- Theatrical release poster
- Spanish: El penalti más largo del mundo
- Directed by: Roberto Santiago
- Based on: "El penal más largo del mundo" by Osvaldo Soriano
- Produced by: Gerardo Herrero; Tedy Villalba; Mariela Besuievsky;
- Starring: Fernando Tejero; María Botto; Marta Larralde; Carlos Kaniowsky; Javier Gutiérrez; Enrique Villén; Fernando Cayo; Luis Callejo; Cristina Alcázar; Benito Sagredo;
- Cinematography: Juan A. Castaño
- Edited by: Fernando Pardo
- Music by: Lucio Godoy
- Production companies: Tornasol Films; Ensueño Films;
- Distributed by: Alta Classics
- Release date: 9 March 2005;
- Country: Spain
- Language: Spanish

= The Longest Penalty Shot in the World =

The Longest Penalty Shot in the World (El penalti más largo del mundo), is a 2005 Spanish comedy film directed by Roberto Santiago which stars Fernando Tejero.

== Plot ==
Fernando is a failed football goalkeeper who is finding it hard to find his bread and butter. During the final local league soccer game of the season, goalkeeper Román is injured and useless Fernando steps in to face a last-minute penalty kick. But before it's converted, the unruly crowd spills onto the field preventing the game from continuing, and the referee decrees the penalty must be retaken one week later. With money in the balance and a chance for the team to advance to a more prestigious league, the hitherto unpopular Fernando suddenly finds himself getting kid glove treatment, with team coach Santos even arranging a date with Roman's reluctant girlfriend Cecilia, whom Fernando fancies.
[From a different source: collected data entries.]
(* Let $\mathcal{A}=(A,\le,\otimes,e,\to)$ be a strong algebra whose multiplication has a left residual $\Rightarrow_A$ (i.e. $a\otimes b\le c$ iff $b\le a\Rightarrow_A c$ for all $a,b,c$) and which internalizes its closed monoidal structure, i.e. for all $a,b,c\in A$: \[ a\to b\le (c\otimes a)\to(c\otimes b)\quad\text{and}\quad (a\otimes b)\to c\le b\to(a\Rightarrow_A c). \] Then there exist a non-commutative spacetime $\mathcal{S}=(\mathscr{X},\nabla)$ and a map $i:A\to\mathscr{X}$ which is a strict monoidal order embedding satisfying $i(a\to b)=i(a)\to_{\mathcal{S}}i(b)$ for all $a,b\in A$.
   Context: A monoidal poset is a poset with a monoid structure whose multiplication is monotone in each argument. An implication on it is a function $\to:A^{op}\times A\to A$ (antitone in the first, monotone in the second argument) with $e\le a\to a$ and $(a\to b)\otimes(b\to c)\le a\to c$; a strong algebra is a monoidal poset with an implication. A quantale is a monoidal poset with all joins whose multiplication distributes over arbitrary joins in each argument. A non-commutative spacetime is $(\mathscr{X},\nabla)$ with $\mathscr{X}$ a quantale and $\nabla$ join preserving and oplax monoidal ($\nabla e\le e$, $\nabla(a\otimes b)\le\nabla a\otimes\nabla b$); its implication $\to_{\mathcal{S}}$ is characterized by $a\otimes\nabla b\le c$ iff $b\le a\to_{\mathcal{S}}c$. A strict monoidal order embedding is a map $i$ with $i(e)=e$, $i(a\otimes b)=i(a)\otimes i(b)$ and $a\le b\iff i(a)\le i(b)$. *)

theory Defs
  imports Main
begin

text \<open>All structures are given by an explicit carrier set, order relation,
multiplication and unit, so that the (existentially quantified) quantale can
live on a carrier inside a fixed ambient type.\<close>

definition partial_order_on :: "'b set \<Rightarrow> ('b \<Rightarrow> 'b \<Rightarrow> bool) \<Rightarrow> bool" where
  "partial_order_on X le \<longleftrightarrow>
     (\<forall>a\<in>X. le a a) \<and>
     (\<forall>a\<in>X. \<forall>b\<in>X. le a b \<and> le b a \<longrightarrow> a = b) \<and>
     (\<forall>a\<in>X. \<forall>b\<in>X. \<forall>c\<in>X. le a b \<and> le b c \<longrightarrow> le a c)"

definition monoidal_poset ::
  "'b set \<Rightarrow> ('b \<Rightarrow> 'b \<Rightarrow> bool) \<Rightarrow> ('b \<Rightarrow> 'b \<Rightarrow> 'b) \<Rightarrow> 'b \<Rightarrow> bool" where
  "monoidal_poset X le m e \<longleftrightarrow>
     partial_order_on X le \<and>
     e \<in> X \<and> (\<forall>a\<in>X. \<forall>b\<in>X. m a b \<in> X) \<and>
     (\<forall>a\<in>X. \<forall>b\<in>X. \<forall>c\<in>X. m (m a b) c = m a (m b c)) \<and>
     (\<forall>a\<in>X. m e a = a \<and> m a e = a) \<and>
     (\<forall>a\<in>X. \<forall>a'\<in>X. \<forall>b\<in>X. le a a' \<longrightarrow> le (m a b) (m a' b) \<and> le (m b a) (m b a'))"

definition strong_algebra ::
  "'b set \<Rightarrow> ('b \<Rightarrow> 'b \<Rightarrow> bool) \<Rightarrow> ('b \<Rightarrow> 'b \<Rightarrow> 'b) \<Rightarrow> 'b \<Rightarrow> ('b \<Rightarrow> 'b \<Rightarrow> 'b) \<Rightarrow> bool" where
  "strong_algebra X le m e imp \<longleftrightarrow>
     monoidal_poset X le m e \<and>
     (\<forall>a\<in>X. \<forall>b\<in>X. imp a b \<in> X) \<and>
     (\<forall>a\<in>X. \<forall>a'\<in>X. \<forall>b\<in>X. le a a' \<longrightarrow> le (imp a' b) (imp a b)) \<and>
     (\<forall>a\<in>X. \<forall>b\<in>X. \<forall>b'\<in>X. le b b' \<longrightarrow> le (imp a b) (imp a b')) \<and>
     (\<forall>a\<in>X. le e (imp a a)) \<and>
     (\<forall>a\<in>X. \<forall>b\<in>X. \<forall>c\<in>X. le (m (imp a b) (imp b c)) (imp a c))"

definition is_join :: "'b set \<Rightarrow> ('b \<Rightarrow> 'b \<Rightarrow> bool) \<Rightarrow> 'b set \<Rightarrow> 'b \<Rightarrow> bool" where
  "is_join X le S j \<longleftrightarrow> j \<in> X \<and> (\<forall>s\<in>S. le s j) \<and> (\<forall>u\<in>X. (\<forall>s\<in>S. le s u) \<longrightarrow> le j u)"

definition quantale ::
  "'b set \<Rightarrow> ('b \<Rightarrow> 'b \<Rightarrow> bool) \<Rightarrow> ('b \<Rightarrow> 'b \<Rightarrow> 'b) \<Rightarrow> 'b \<Rightarrow> bool" where
  "quantale X le m e \<longleftrightarrow>
     monoidal_poset X le m e \<and>
     (\<forall>S. S \<subseteq> X \<longrightarrow> (\<exists>j. is_join X le S j)) \<and>
     (\<forall>S a j. S \<subseteq> X \<longrightarrow> a \<in> X \<longrightarrow> is_join X le S j \<longrightarrow>
         is_join X le ((\<lambda>s. m a s) ` S) (m a j) \<and> is_join X le ((\<lambda>s. m s a) ` S) (m j a))"

definition nc_spacetime ::
  "'b set \<Rightarrow> ('b \<Rightarrow> 'b \<Rightarrow> bool) \<Rightarrow> ('b \<Rightarrow> 'b \<Rightarrow> 'b) \<Rightarrow> 'b \<Rightarrow> ('b \<Rightarrow> 'b) \<Rightarrow> bool" where
  "nc_spacetime X le m e nabla \<longleftrightarrow>
     quantale X le m e \<and>
     (\<forall>a\<in>X. nabla a \<in> X) \<and>
     (\<forall>S j. S \<subseteq> X \<longrightarrow> is_join X le S j \<longrightarrow> is_join X le (nabla ` S) (nabla j)) \<and>
     le (nabla e) e \<and>
     (\<forall>a\<in>X. \<forall>b\<in>X. le (nabla (m a b)) (m (nabla a) (nabla b)))"

definition spacetime_imp ::
  "'b set \<Rightarrow> ('b \<Rightarrow> 'b \<Rightarrow> bool) \<Rightarrow> ('b \<Rightarrow> 'b \<Rightarrow> 'b) \<Rightarrow> ('b \<Rightarrow> 'b) \<Rightarrow> 'b \<Rightarrow> 'b \<Rightarrow> 'b" where
  "spacetime_imp X le m nabla a c =
     (THE z. z \<in> X \<and> (\<forall>b\<in>X. le (m a (nabla b)) c \<longleftrightarrow> le b z))"

end

theory Submission
  imports Defs "HOL-Library.Countable"
begin

text \<open>The up-sets of \<open>A\<close>, ordered by reverse inclusion, form an ordered monoid under
\<open>V \<otimes> W = \<up>{v \<otimes> w}\<close>, into which \<open>a \<mapsto> \<up>a\<close> embeds \<open>A\<close>, and \<open>W \<mapsto> {t. e \<rightarrow> t \<in> W}\<close> is
an oplax endomorphism of it by the first internalization axiom and composition. Downsets of an ordered
monoid form a quantale (Day convolution), and an oplax endomorphism extends to a join
preserving oplax \<open>\<nabla>\<close>. Both internalization axioms together give
\<open>a \<rightarrow> b = e \<rightarrow> (a \<Rightarrow> b)\<close>, and this makes \<open>b \<in> \<up>a \<otimes> \<nabla>W\<close> equivalent to \<open>a \<rightarrow> b \<in> W\<close>, i.e.
the spacetime implication of \<open>\<up>a\<close> and \<open>\<up>b\<close> is \<open>\<up>(a \<rightarrow> b)\<close>.
As the quantale has to consist of sets of lists over \<open>A\<close>, only the up-sets denoted by
expressions built from atoms, \<open>\<otimes>\<close> and \<open>\<nabla>\<close> are used; lists over \<open>A\<close> encode these
expressions.\<close>

datatype 'b expr = Atom 'b | Tensor "'b expr" "'b expr" | Nabla "'b expr"

instance expr :: (countable) countable
  by countable_datatype

primrec atoms :: "'b expr \<Rightarrow> 'b list" where
  "atoms (Atom a) = [a]"
| "atoms (Tensor s t) = atoms s @ atoms t"
| "atoms (Nabla s) = atoms s"

primrec fill :: "unit expr \<Rightarrow> 'b list \<Rightarrow> 'b expr" where
  "fill (Atom _) xs = Atom (hd xs)"
| "fill (Tensor s t) xs =
     Tensor (fill s (take (length (atoms s)) xs)) (fill t (drop (length (atoms s)) xs))"
| "fill (Nabla s) xs = Nabla (fill s xs)"

lemma length_atoms_map_expr: "length (atoms (map_expr f t)) = length (atoms t)"
  by (induction t) auto

lemma fill_shape_atoms: "fill (map_expr (\<lambda>_. ()) t) (atoms t) = t"
  by (induction t) (auto simp: length_atoms_map_expr)

text \<open>The element type may be a singleton, so the shape of an expression and its
number of atoms are encoded in the length of the list, the atoms in its entries.\<close>
definition expr_of_list :: "'b list \<Rightarrow> 'b expr" where
  "expr_of_list w = (case prod_decode (length w) of (n, k) \<Rightarrow> fill (from_nat n) (take k w))"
== Production and making ==
The film was produced by Tornasol Films and Ensueño Films, and it had the participation of Canal+ and FORTA. The screenplay is based on the short story "El penal más largo del mundo" by Osvaldo Soriano. The film was produced by Mariela Besuievsky, Gerardo Herrero and Tedy Villalba and it was scored by Lucio Godoy.

== Reception ==
The film was released theatrically in Spain on 9 March 2005. It was well received by the audiences, but the critics gave an average rating to the movie.